Output all of the material beneath this line exactly as it is.

┄┄┄┄┄┄┄┄┄┄┄┄┄┄┄┄┄┄┄┄

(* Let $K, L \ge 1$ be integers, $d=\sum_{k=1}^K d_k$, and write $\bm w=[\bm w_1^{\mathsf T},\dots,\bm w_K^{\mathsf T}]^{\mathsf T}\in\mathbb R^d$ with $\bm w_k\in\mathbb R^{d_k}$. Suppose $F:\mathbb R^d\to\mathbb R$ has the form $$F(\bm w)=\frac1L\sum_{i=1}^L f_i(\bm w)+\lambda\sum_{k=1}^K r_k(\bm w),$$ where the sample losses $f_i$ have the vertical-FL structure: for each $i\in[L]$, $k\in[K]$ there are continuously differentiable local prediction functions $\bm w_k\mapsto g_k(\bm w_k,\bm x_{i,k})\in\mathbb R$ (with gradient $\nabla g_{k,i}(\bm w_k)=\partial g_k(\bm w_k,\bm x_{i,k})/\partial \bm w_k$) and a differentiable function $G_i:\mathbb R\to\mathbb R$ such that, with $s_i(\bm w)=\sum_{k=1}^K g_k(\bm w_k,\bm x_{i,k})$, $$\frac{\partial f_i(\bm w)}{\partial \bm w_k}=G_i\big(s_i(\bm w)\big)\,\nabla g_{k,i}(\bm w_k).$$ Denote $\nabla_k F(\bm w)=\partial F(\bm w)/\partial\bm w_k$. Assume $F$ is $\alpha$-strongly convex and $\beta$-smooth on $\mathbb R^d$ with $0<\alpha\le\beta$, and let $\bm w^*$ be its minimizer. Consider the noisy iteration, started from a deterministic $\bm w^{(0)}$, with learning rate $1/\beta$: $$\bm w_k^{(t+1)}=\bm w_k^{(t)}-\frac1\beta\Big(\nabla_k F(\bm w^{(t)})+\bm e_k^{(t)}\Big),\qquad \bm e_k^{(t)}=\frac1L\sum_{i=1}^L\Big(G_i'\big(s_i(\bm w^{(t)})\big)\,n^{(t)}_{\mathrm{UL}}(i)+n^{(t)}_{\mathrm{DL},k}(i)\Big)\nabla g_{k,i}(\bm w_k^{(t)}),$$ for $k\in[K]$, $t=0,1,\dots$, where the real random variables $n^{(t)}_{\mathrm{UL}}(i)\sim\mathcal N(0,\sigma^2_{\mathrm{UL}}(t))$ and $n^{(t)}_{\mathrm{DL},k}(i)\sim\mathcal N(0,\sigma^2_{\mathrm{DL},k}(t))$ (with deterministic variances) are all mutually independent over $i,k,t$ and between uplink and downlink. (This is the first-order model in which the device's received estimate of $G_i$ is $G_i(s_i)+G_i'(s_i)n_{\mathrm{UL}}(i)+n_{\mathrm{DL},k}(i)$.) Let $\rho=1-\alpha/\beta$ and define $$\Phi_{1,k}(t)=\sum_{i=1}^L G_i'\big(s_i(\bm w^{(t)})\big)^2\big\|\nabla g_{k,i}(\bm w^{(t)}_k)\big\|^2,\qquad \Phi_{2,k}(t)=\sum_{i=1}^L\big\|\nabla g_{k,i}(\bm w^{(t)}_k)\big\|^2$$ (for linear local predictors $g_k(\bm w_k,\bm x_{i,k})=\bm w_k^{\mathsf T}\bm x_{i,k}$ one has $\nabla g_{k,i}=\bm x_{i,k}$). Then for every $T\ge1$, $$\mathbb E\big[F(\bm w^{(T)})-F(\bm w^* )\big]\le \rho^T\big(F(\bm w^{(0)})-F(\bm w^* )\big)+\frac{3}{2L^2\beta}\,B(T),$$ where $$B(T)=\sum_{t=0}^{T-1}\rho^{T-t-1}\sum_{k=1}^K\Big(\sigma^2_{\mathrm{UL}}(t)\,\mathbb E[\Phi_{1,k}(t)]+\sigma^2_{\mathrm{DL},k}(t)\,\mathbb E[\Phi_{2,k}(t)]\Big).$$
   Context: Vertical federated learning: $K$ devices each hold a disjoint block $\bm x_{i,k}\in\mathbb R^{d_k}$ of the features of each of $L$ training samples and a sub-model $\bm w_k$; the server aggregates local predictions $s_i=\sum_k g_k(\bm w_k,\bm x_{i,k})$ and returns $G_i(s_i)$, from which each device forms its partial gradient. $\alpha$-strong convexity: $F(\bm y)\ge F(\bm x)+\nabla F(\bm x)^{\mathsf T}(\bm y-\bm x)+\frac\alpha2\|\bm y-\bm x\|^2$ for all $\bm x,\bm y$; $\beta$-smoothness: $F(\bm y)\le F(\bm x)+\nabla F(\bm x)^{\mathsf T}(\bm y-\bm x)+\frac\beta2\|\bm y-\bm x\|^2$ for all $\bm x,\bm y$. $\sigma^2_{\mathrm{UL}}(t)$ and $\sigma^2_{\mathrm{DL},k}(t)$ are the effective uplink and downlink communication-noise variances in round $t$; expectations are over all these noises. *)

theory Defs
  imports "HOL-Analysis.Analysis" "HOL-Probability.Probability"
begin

┄┄┄┄┄┄┄┄┄┄┄┄┄┄┄┄┄┄┄┄

▶ The answer
(* Let $K, L \ge 1$ be integers, $d=\sum_{k=1}^K d_k$, and write $\bm w=[\bm w_1^{\mathsf T},\dots,\bm w_K^{\mathsf T}]^{\mathsf T}\in\mathbb R^d$ with $\bm w_k\in\mathbb R^{d_k}$. Suppose $F:\mathbb R^d\to\mathbb R$ has the form $$F(\bm w)=\frac1L\sum_{i=1}^L f_i(\bm w)+\lambda\sum_{k=1}^K r_k(\bm w),$$ where the sample losses $f_i$ have the vertical-FL structure: for each $i\in[L]$, $k\in[K]$ there are continuously differentiable local prediction functions $\bm w_k\mapsto g_k(\bm w_k,\bm x_{i,k})\in\mathbb R$ (with gradient $\nabla g_{k,i}(\bm w_k)=\partial g_k(\bm w_k,\bm x_{i,k})/\partial \bm w_k$) and a differentiable function $G_i:\mathbb R\to\mathbb R$ such that, with $s_i(\bm w)=\sum_{k=1}^K g_k(\bm w_k,\bm x_{i,k})$, $$\frac{\partial f_i(\bm w)}{\partial \bm w_k}=G_i\big(s_i(\bm w)\big)\,\nabla g_{k,i}(\bm w_k).$$ Denote $\nabla_k F(\bm w)=\partial F(\bm w)/\partial\bm w_k$. Assume $F$ is $\alpha$-strongly convex and $\beta$-smooth on $\mathbb R^d$ with $0<\alpha\le\beta$, and let $\bm w^*$ be its minimizer. Consider the noisy iteration, started from a deterministic $\bm w^{(0)}$, with learning rate $1/\beta$: $$\bm w_k^{(t+1)}=\bm w_k^{(t)}-\frac1\beta\Big(\nabla_k F(\bm w^{(t)})+\bm e_k^{(t)}\Big),\qquad \bm e_k^{(t)}=\frac1L\sum_{i=1}^L\Big(G_i'\big(s_i(\bm w^{(t)})\big)\,n^{(t)}_{\mathrm{UL}}(i)+n^{(t)}_{\mathrm{DL},k}(i)\Big)\nabla g_{k,i}(\bm w_k^{(t)}),$$ for $k\in[K]$, $t=0,1,\dots$, where the real random variables $n^{(t)}_{\mathrm{UL}}(i)\sim\mathcal N(0,\sigma^2_{\mathrm{UL}}(t))$ and $n^{(t)}_{\mathrm{DL},k}(i)\sim\mathcal N(0,\sigma^2_{\mathrm{DL},k}(t))$ (with deterministic variances) are all mutually independent over $i,k,t$ and between uplink and downlink. (This is the first-order model in which the device's received estimate of $G_i$ is $G_i(s_i)+G_i'(s_i)n_{\mathrm{UL}}(i)+n_{\mathrm{DL},k}(i)$.) Let $\rho=1-\alpha/\beta$ and define $$\Phi_{1,k}(t)=\sum_{i=1}^L G_i'\big(s_i(\bm w^{(t)})\big)^2\big\|\nabla g_{k,i}(\bm w^{(t)}_k)\big\|^2,\qquad \Phi_{2,k}(t)=\sum_{i=1}^L\big\|\nabla g_{k,i}(\bm w^{(t)}_k)\big\|^2$$ (for linear local predictors $g_k(\bm w_k,\bm x_{i,k})=\bm w_k^{\mathsf T}\bm x_{i,k}$ one has $\nabla g_{k,i}=\bm x_{i,k}$). Then for every $T\ge1$, $$\mathbb E\big[F(\bm w^{(T)})-F(\bm w^* )\big]\le \rho^T\big(F(\bm w^{(0)})-F(\bm w^* )\big)+\frac{3}{2L^2\beta}\,B(T),$$ where $$B(T)=\sum_{t=0}^{T-1}\rho^{T-t-1}\sum_{k=1}^K\Big(\sigma^2_{\mathrm{UL}}(t)\,\mathbb E[\Phi_{1,k}(t)]+\sigma^2_{\mathrm{DL},k}(t)\,\mathbb E[\Phi_{2,k}(t)]\Big).$$
   Context: Vertical federated learning: $K$ devices each hold a disjoint block $\bm x_{i,k}\in\mathbb R^{d_k}$ of the features of each of $L$ training samples and a sub-model $\bm w_k$; the server aggregates local predictions $s_i=\sum_k g_k(\bm w_k,\bm x_{i,k})$ and returns $G_i(s_i)$, from which each device forms its partial gradient. $\alpha$-strong convexity: $F(\bm y)\ge F(\bm x)+\nabla F(\bm x)^{\mathsf T}(\bm y-\bm x)+\frac\alpha2\|\bm y-\bm x\|^2$ for all $\bm x,\bm y$; $\beta$-smoothness: $F(\bm y)\le F(\bm x)+\nabla F(\bm x)^{\mathsf T}(\bm y-\bm x)+\frac\beta2\|\bm y-\bm x\|^2$ for all $\bm x,\bm y$. $\sigma^2_{\mathrm{UL}}(t)$ and $\sigma^2_{\mathrm{DL},k}(t)$ are the effective uplink and downlink communication-noise variances in round $t$; expectations are over all these noises. *)

theory Defs
  imports "HOL-Analysis.Analysis" "HOL-Probability.Probability"
begin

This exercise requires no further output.